Puede que lo que voy a decir parezca una salvajada, pero el
hecho es que no me llaman nada esas demostraciones colectivas de consternación
que suelen organizarse tras una masacre en suelo europeo o norteamericano.
¿Ahora nos desayunamos con el misterio de iniquidad? ¿Nunca ha matado la
gente, por un montón de causas, unas más explicables, otras menos? No estoy
justificando nada, simplemente constatando que el ser humano, a veces, comete
maldades, y no puede uno comportarse como si eso fuera cosa de la famosa Edad
Media.
La gente mata y es terrible, pero en lugar de horrorizarse
como niñas bobas lo que procede es que quien tiene el monopolio de la violencia
en los Estados de derecho persiga a los criminales, los cuelgue de los
compañones en sentido real o figurado y tome rápidamente las medidas
encaminadas a evitar una repetición del acto.

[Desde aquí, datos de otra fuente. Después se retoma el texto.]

lemma lincomb_unit_vecs_restrict:
  assumes "distinct l"
  shows "lincomb (map v l) (map unit_vec l) i = (if i \<in> set l then v i else (0 :: 'r::comm_ring_1))"
proof (cases "i \<in> set l")
  case True
  then obtain k where "k < length l" "l ! k = i" by (auto simp: in_set_conv_nth)
  with True lincomb_unit_vecs_nth[OF assms, of k "map v l"] show ?thesis by simp
next
  case False
  then show ?thesis
    unfolding lincomb_def by (auto intro!: sum.neutral simp: unit_vec_def)
qed

lemma lincomb_unit_vecs_coeffs_zero:
  assumes "distinct l" "length cs = length l" "\<forall>k<length l. lincomb cs (map unit_vec l) (l ! k) = 0"
  shows "\<forall>c\<in>set cs. c = (0 :: 'r::comm_ring_1)"
proof
  fix c assume "c \<in> set cs"
  then obtain k where "k < length l" "c = cs ! k" using assms(2) by (auto simp: in_set_conv_nth)
  then show "c = 0" using assms(3) lincomb_unit_vecs_nth[OF assms(1), of k cs] by simp
qed

lemma coord_submod_mono: "A \<subseteq> B \<Longrightarrow> coord_submod n A \<subseteq> coord_submod n B"
  by (auto simp: coord_submod_def)

lemma unit_vec_in_coord_submod: "j < n \<Longrightarrow> j \<in> A \<Longrightarrow> unit_vec j \<in> coord_submod n A"
  by (auto simp: coord_submod_def unit_vec_in_Rn) (auto simp: unit_vec_def)

lemma unit_vec_notin_coord_submod:
  "(1::'r::comm_ring_1) \<noteq> 0 \<Longrightarrow> j \<notin> A \<Longrightarrow> (unit_vec j :: nat \<Rightarrow> 'r) \<notin> coord_submod n A"
  by (auto simp: coord_submod_def unit_vec_def)

lemma coord_submod_strict_mono:
  assumes "(1::'r::comm_ring_1) \<noteq> 0" "A \<subset> B" "B \<subseteq> {..<n}"
  shows "(coord_submod n A :: (nat \<Rightarrow> 'r) set) \<subset> coord_submod n B"
proof -
  obtain j where "j \<in> B" "j \<notin> A" using assms by blast
  then show ?thesis
    using assms coord_submod_mono[of A B n] unit_vec_in_coord_submod[of j n B]
      unit_vec_notin_coord_submod[of j A n] by blast
qed

lemma submod_coord_submod: "submod n (coord_submod n A)"
  by (auto simp: submod_def coord_submod_def Rn_def zvec_def)

lemma free_mod_coord_submod:
  assumes "A \<subseteq> {..<n}"
  shows "free_mod (coord_submod n A :: (nat \<Rightarrow> 'r::comm_ring_1) set)"
proof -
  define l where "l = sorted_list_of_set A"
  have "finite A" using assms finite_subset by blast
  then have l: "distinct l" "set l = A" by (auto simp: l_def)
  define vs :: "(nat \<Rightarrow> 'r) list" where "vs = map unit_vec l"
  have "set vs \<subseteq> coord_submod n A"
    using l assms by (auto simp: vs_def intro!: unit_vec_in_coord_submod)
  moreover have "span_R vs = coord_submod n A"
  proof
    show "span_R vs \<subseteq> coord_submod n A"
    proof
      fix u :: "nat \<Rightarrow> 'r" assume "u \<in> span_R vs"
      then obtain cs where u: "u = lincomb cs vs" by (auto simp: span_R_def)
      have "u \<in> Rn n" unfolding u
        by (rule lincomb_in_Rn) (use l assms in \<open>auto simp: vs_def unit_vec_in_Rn\<close>)
      moreover have "u i = 0" if "i \<notin> A" for i
        using that l unfolding u vs_def lincomb_def by (auto intro!: sum.neutral simp: unit_vec_def)
      ultimately show "u \<in> coord_submod n A" by (simp add: coord_submod_def)
    qed
    show "coord_submod n A \<subseteq> span_R vs"
    proof
      fix u :: "nat \<Rightarrow> 'r" assume "u \<in> coord_submod n A"
      then have "lincomb (map u l) vs = u"
        using l by (auto simp: fun_eq_iff vs_def lincomb_unit_vecs_restrict coord_submod_def)
      then show "u \<in> span_R vs"
        unfolding span_R_def vs_def by (metis (mono_tags, lifting) length_map mem_Collect_eq)
    qed
  qed
  moreover have "lin_indep vs"
    unfolding lin_indep_def vs_def zvec_def
    by (metis length_map lincomb_unit_vecs_coeffs_zero[OF l(1)])
  ultimately show ?thesis unfolding free_mod_def by blast
qed

lemma quot_free_coord_submod:
  assumes "A \<subseteq> {..<n}"
  shows "quot_free n (coord_submod n A :: (nat \<Rightarrow> 'r::comm_ring_1) set)"
proof -
  define l where "l = sorted_list_of_set ({..<n} - A)"
  have l: "distinct l" "set l = {..<n} - A" by (auto simp: l_def)
  define ws :: "(nat \<Rightarrow> 'r) list" where "ws = map unit_vec l"
  have "set ws \<subseteq> Rn n"
    using l by (auto simp: ws_def intro!: unit_vec_in_Rn)
  moreover have "\<exists>cs. length cs = length ws \<and> (\<lambda>i. v i - lincomb cs ws i) \<in> coord_submod n A"
    if "v \<in> Rn n" for v
    using that l
    by (intro exI[of _ "map v l"]) (auto simp: ws_def coord_submod_def Rn_def lincomb_unit_vecs_restrict)
  moreover have "\<forall>c\<in>set cs. c = 0" if "length cs = length ws" "lincomb cs ws \<in> coord_submod n A" for cs
  proof (rule lincomb_unit_vecs_coeffs_zero[OF l(1)])
    show "\<forall>k<length l. lincomb cs (map unit_vec l) (l ! k) = 0"
      using that l nth_mem[of _ l] by (auto simp: ws_def coord_submod_def)
  qed (use that in \<open>simp add: ws_def\<close>)
  ultimately show ?thesis unfolding quot_free_def by blast
qed

lemma direct_summand_coord_submod:
  assumes "A \<subseteq> {..<n}"
  shows "direct_summand n (coord_submod n A :: (nat \<Rightarrow> 'r::comm_ring_1) set)"
proof -
  let ?C = "coord_submod n ({..<n} - A) :: (nat \<Rightarrow> 'r) set"
  have "coord_submod n A \<inter> ?C = {zvec}"
  proof (intro equalityI subsetI)
    fix u :: "nat \<Rightarrow> 'r" assume u: "u \<in> coord_submod n A \<inter> ?C"
    have "u i = 0" for i
      using u by (cases "i < n") (auto simp: coord_submod_def Rn_def)
    then show "u \<in> {zvec}" by (simp add: zvec_def fun_eq_iff)
  qed (auto simp: coord_submod_def Rn_def zvec_def)
  moreover have "\<exists>v\<in>coord_submod n A. \<exists>w\<in>?C. x = (\<lambda>i. v i + w i)" if "x \<in> Rn n" for x
    using that
    by (intro bexI[of _ "\<lambda>i. if i \<in> A then x i else 0"] bexI[of _ "\<lambda>i. if i \<in> A then 0 else x i"])
       (auto simp: coord_submod_def Rn_def)
  ultimately show ?thesis
    unfolding direct_summand_def using submod_coord_submod by blast
qed

lemma tits_vertex_coord_submod:
  assumes "(1::'r::comm_ring_1) \<noteq> 0" "A \<subseteq> {..<n}" "A \<noteq> {}" "A \<noteq> {..<n}"
  shows "tits_vertex n (coord_submod n A :: (nat \<Rightarrow> 'r) set)"
proof -
  obtain j where j: "j \<in> A" using assms by blast
  obtain j' where j': "j' < n" "j' \<notin> A" using assms by blast
  have "(unit_vec j :: nat \<Rightarrow> 'r) \<in> coord_submod n A"
    using j assms by (auto intro!: unit_vec_in_coord_submod)
  moreover have "(unit_vec j :: nat \<Rightarrow> 'r) \<noteq> zvec"
    using assms(1) by (auto simp: unit_vec_def zvec_def fun_eq_iff)
  ultimately have "coord_submod n A \<noteq> ({zvec} :: (nat \<Rightarrow> 'r) set)" by blast
  moreover have "coord_submod n A \<noteq> (Rn n :: (nat \<Rightarrow> 'r) set)"
    using unit_vec_in_Rn[OF j'(1)] unit_vec_notin_coord_submod[OF assms(1) j'(2)] by metis
  ultimately show ?thesis
    unfolding tits_vertex_def using direct_summand_coord_submod[OF assms(2)]
      free_mod_coord_submod[OF assms(2)] quot_free_coord_submod[OF assms(2)] by blast
qed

Por supuesto, no deben faltar las
honras fúnebres, públicas y privadas, a las víctimas. Pero tal vez sobren esas
solemnes representaciones de un horror por lo demás efímero, sobre todo cuando,
como suele suceder, se conciben como alternativa a la represión, que
se entiende como venganza, y las anima
un sospechoso espíritu de equidistancia y de compunción por la parte que
se supone que le tocaría a nuestra sociedad por haber hecho actuar de modo tan
espantoso a esos muchachos a quienes han idealizado los libros escolares y
la grotesca clerecía instalada en los centros de enseñanza.